(TO DO): After locating the line that contains "assms by (simp add: slit_disc_def)" in the data below, set down exactly that line and each one after it through the line that contains "unfolding phi_def by", and nothing more.

Dataset entries:

■ ■ ■ ■ ■

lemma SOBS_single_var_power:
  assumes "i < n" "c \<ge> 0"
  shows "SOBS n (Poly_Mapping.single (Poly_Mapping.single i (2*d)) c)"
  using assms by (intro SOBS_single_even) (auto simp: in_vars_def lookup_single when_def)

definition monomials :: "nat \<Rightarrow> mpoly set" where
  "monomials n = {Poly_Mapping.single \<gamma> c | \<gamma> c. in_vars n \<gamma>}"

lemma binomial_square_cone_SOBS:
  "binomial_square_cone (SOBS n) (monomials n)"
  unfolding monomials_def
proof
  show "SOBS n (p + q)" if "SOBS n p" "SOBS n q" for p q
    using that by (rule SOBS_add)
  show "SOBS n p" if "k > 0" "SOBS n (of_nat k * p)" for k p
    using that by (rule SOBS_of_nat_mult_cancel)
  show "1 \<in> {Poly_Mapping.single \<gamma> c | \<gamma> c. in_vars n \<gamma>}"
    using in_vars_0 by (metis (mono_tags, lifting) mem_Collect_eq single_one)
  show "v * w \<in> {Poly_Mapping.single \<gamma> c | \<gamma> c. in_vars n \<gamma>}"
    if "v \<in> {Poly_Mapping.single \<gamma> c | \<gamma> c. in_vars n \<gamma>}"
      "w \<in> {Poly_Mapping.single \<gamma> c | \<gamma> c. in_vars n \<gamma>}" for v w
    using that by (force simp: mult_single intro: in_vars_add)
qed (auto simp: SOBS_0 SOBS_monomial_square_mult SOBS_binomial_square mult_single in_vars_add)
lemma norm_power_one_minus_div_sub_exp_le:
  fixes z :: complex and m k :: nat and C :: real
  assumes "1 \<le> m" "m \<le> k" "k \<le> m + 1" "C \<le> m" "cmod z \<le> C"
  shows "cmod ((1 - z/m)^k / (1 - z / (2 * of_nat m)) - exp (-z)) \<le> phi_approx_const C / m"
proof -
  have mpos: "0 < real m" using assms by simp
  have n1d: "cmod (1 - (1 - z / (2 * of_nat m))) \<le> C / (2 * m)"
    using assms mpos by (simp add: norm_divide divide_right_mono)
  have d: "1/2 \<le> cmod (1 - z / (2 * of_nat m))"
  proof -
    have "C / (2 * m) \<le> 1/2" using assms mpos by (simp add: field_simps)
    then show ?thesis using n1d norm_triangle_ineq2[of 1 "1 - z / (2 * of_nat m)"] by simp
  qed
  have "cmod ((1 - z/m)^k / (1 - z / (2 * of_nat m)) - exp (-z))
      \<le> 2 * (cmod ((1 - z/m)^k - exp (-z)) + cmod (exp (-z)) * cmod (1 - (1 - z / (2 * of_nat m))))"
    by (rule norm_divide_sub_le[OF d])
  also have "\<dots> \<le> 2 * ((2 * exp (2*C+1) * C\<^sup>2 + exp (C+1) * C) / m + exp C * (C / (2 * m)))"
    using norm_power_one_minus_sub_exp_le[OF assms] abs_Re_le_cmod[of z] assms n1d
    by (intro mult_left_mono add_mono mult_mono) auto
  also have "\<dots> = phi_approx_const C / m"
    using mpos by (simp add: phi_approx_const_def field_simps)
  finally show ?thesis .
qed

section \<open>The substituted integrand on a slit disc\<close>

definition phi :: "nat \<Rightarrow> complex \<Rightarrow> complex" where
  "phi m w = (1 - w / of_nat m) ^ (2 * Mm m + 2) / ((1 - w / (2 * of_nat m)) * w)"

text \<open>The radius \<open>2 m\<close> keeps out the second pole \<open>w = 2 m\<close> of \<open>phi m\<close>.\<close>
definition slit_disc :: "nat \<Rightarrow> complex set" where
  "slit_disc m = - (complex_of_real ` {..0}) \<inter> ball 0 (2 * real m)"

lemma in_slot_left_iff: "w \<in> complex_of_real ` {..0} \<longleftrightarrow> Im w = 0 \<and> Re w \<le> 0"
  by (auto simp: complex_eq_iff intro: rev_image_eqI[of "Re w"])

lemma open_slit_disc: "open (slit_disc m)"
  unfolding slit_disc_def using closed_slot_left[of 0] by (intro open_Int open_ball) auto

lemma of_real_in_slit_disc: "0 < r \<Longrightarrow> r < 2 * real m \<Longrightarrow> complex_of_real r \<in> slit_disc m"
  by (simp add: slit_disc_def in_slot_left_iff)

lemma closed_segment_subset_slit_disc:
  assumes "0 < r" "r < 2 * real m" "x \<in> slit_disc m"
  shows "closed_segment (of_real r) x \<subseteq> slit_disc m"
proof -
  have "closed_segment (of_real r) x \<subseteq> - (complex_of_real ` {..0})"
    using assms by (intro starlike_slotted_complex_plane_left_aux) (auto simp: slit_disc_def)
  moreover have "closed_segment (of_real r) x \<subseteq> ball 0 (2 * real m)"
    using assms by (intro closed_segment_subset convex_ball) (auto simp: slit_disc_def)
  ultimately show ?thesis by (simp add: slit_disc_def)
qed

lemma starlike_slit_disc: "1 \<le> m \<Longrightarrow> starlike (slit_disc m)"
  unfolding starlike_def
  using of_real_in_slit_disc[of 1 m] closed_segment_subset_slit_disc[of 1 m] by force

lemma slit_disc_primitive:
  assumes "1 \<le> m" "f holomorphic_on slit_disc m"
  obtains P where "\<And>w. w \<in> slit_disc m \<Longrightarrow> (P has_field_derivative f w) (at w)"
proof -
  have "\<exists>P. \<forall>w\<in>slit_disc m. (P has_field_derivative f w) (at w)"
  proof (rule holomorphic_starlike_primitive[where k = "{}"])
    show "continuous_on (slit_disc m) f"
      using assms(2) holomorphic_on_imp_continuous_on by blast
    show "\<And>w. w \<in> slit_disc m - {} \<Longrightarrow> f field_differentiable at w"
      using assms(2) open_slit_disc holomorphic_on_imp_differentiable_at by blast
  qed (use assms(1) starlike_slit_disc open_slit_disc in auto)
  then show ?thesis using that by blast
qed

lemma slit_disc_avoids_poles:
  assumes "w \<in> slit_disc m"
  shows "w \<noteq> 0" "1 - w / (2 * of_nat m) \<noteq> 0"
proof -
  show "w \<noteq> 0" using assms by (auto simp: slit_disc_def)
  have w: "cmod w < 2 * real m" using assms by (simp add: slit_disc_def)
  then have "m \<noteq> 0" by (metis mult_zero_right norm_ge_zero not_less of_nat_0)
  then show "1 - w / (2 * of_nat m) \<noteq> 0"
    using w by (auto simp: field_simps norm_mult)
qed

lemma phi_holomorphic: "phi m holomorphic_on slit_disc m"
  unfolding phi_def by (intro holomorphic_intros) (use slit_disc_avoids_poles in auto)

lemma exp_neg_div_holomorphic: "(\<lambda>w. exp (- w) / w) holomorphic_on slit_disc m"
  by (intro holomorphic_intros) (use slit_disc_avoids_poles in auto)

■ ■ ■ ■ ■

(SOLVED EXERCISE):
  have w: "cmod w < 2 * real m" using assms by (simp add: slit_disc_def)
  then have "m \<noteq> 0" by (metis mult_zero_right norm_ge_zero not_less of_nat_0)
  then show "1 - w / (2 * of_nat m) \<noteq> 0"
    using w by (auto simp: field_simps norm_mult)
qed

lemma phi_holomorphic: "phi m holomorphic_on slit_disc m"
  unfolding phi_def by (intro holomorphic_intros) (use slit_disc_avoids_poles in auto)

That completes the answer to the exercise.